▶ [Problem to solve]: Your response should consist of one number, the count of lines below that contain "with".

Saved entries

== Segment start ==

definition matching :: "'p set \<Rightarrow> ('p \<Rightarrow> 's set) \<Rightarrow> ('p \<Rightarrow> 's) set \<Rightarrow> bool" where
  "matching N A M \<longleftrightarrow> M \<subseteq> PiE N A \<and> (\<forall>i\<in>N. \<forall>a\<in>A i. \<exists>!m. m \<in> M \<and> m i = a)"

definition match_map :: "('p \<Rightarrow> 's) set \<Rightarrow> 'p \<Rightarrow> 'p \<Rightarrow> 's \<Rightarrow> 's" where
  "match_map M i j a = (THE m. m \<in> M \<and> m i = a) j"

definition match_bij :: "'p set \<Rightarrow> ('p \<Rightarrow> 's set) \<Rightarrow> ('p \<Rightarrow> 's) set \<Rightarrow> ('p \<Rightarrow> 'p) \<Rightarrow> ('p, 's) gbij" where
  "match_bij N A M \<pi> = (\<pi>, \<lambda>i x. if i \<in> N \<and> x \<in> A i then match_map M i (\<pi> i) x else undefined)"

definition perm_subgroup :: "'p set \<Rightarrow> ('p \<Rightarrow> 'p) set \<Rightarrow> bool" where
  "perm_subgroup N H \<longleftrightarrow> (\<forall>\<pi>\<in>H. \<pi> permutes N) \<and> id \<in> H \<and>
     (\<forall>\<pi>\<in>H. \<forall>\<sigma>\<in>H. \<pi> \<circ> \<sigma> \<in> H) \<and> (\<forall>\<pi>\<in>H. inv \<pi> \<in> H)"

definition transitive_on :: "'p set \<Rightarrow> ('p \<Rightarrow> 'p) set \<Rightarrow> bool" where
  "transitive_on N H \<longleftrightarrow> (\<forall>i\<in>N. \<forall>j\<in>N. \<exists>\<pi>\<in>H. \<pi> i = j)"

end

theory Submission
  imports Defs
begin

text \<open>Given a matching \<open>M\<close>, the map \<open>\<pi> \<mapsto> M\<^sub>\<pi>\<close> on permutations of \<open>N\<close> respects identity,
  composition and inverses, so the image of a transitive \<open>H\<close> is a player transitive symmetry
  group; it is strategy trivial because \<open>M\<^sub>i\<^sub>i\<close> is the identity.
  Conversely, in a strategy trivial symmetry group \<open>G\<close> the strategy map of \<open>g\<close> at player \<open>i\<close>
  depends only on \<open>g.i\<close>, since \<open>h\<^sup>-\<^sup>1 g\<close> stabilises \<open>i\<close> whenever \<open>g.i = h.i\<close>. Fixing a player
  \<open>i\<^sub>0\<close> and elements \<open>f\<^sub>j \<in> G\<close> with \<open>f\<^sub>j.i\<^sub>0 = j\<close>, the tuples \<open>(f\<^sub>j.a)\<^sub>j\<close> for \<open>a \<in> A\<^sub>i\<^sub>0\<close> form a
  matching \<open>M\<close> for which every \<open>g \<in> G\<close> is \<open>M\<^sub>\<pi>\<close> with \<open>\<pi>\<close> the player part of \<open>g\<close>.\<close>

lemma matching_the_tuple:
  assumes "matching N A M" "i \<in> N" "x \<in> A i"
  shows "(THE m. m \<in> M \<and> m i = x) \<in> M" "(THE m. m \<in> M \<and> m i = x) i = x"
proof -
  have "\<exists>!m. m \<in> M \<and> m i = x" using assms unfolding matching_def by blast
  then have "(THE m. m \<in> M \<and> m i = x) \<in> M \<and> (THE m. m \<in> M \<and> m i = x) i = x"
    by (rule theI')
  then show "(THE m. m \<in> M \<and> m i = x) \<in> M" "(THE m. m \<in> M \<and> m i = x) i = x"
    by simp_all
qed

lemma match_map_tuple:
  assumes "matching N A M" "m \<in> M" "i \<in> N"
  shows "match_map M i j (m i) = m j"
proof -
  have "m i \<in> A i" using assms unfolding matching_def by (auto simp: PiE_iff)
  then have "\<exists>!m'. m' \<in> M \<and> m' i = m i" using assms unfolding matching_def by blast
  then have "(THE m'. m' \<in> M \<and> m' i = m i) = m" using assms(2) by (simp add: the1_equality)
  then show ?thesis unfolding match_map_def by simp
qed

lemma match_map_in:
  assumes "matching N A M" "i \<in> N" "j \<in> N" "x \<in> A i"
  shows "match_map M i j x \<in> A j"
  using matching_the_tuple[OF assms(1,2,4)] assms unfolding match_map_def matching_def
  by (auto simp: PiE_iff)

lemma match_map_self:
  assumes "matching N A M" "i \<in> N" "x \<in> A i"
  shows "match_map M i i x = x"
  using matching_the_tuple[OF assms] unfolding match_map_def by simp

lemma match_map_trans:
  assumes "matching N A M" "i \<in> N" "j \<in> N" "x \<in> A i"
  shows "match_map M j k (match_map M i j x) = match_map M i k x"
proof -
  define m where "m = (THE m. m \<in> M \<and> m i = x)"
  have m: "m \<in> M" "m i = x" using matching_the_tuple[OF assms(1,2,4)] unfolding m_def by auto
  show ?thesis using match_map_tuple[OF assms(1) m(1)] assms(2,3) m(2) by metis
qed

lemma match_bij_id:
  assumes "matching N A M"
  shows "match_bij N A M id = gb_id N A"
  unfolding match_bij_def gb_id_def using match_map_self[OF assms] by (auto intro!: ext)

== Segment end ==

▶ [Finished task]: 2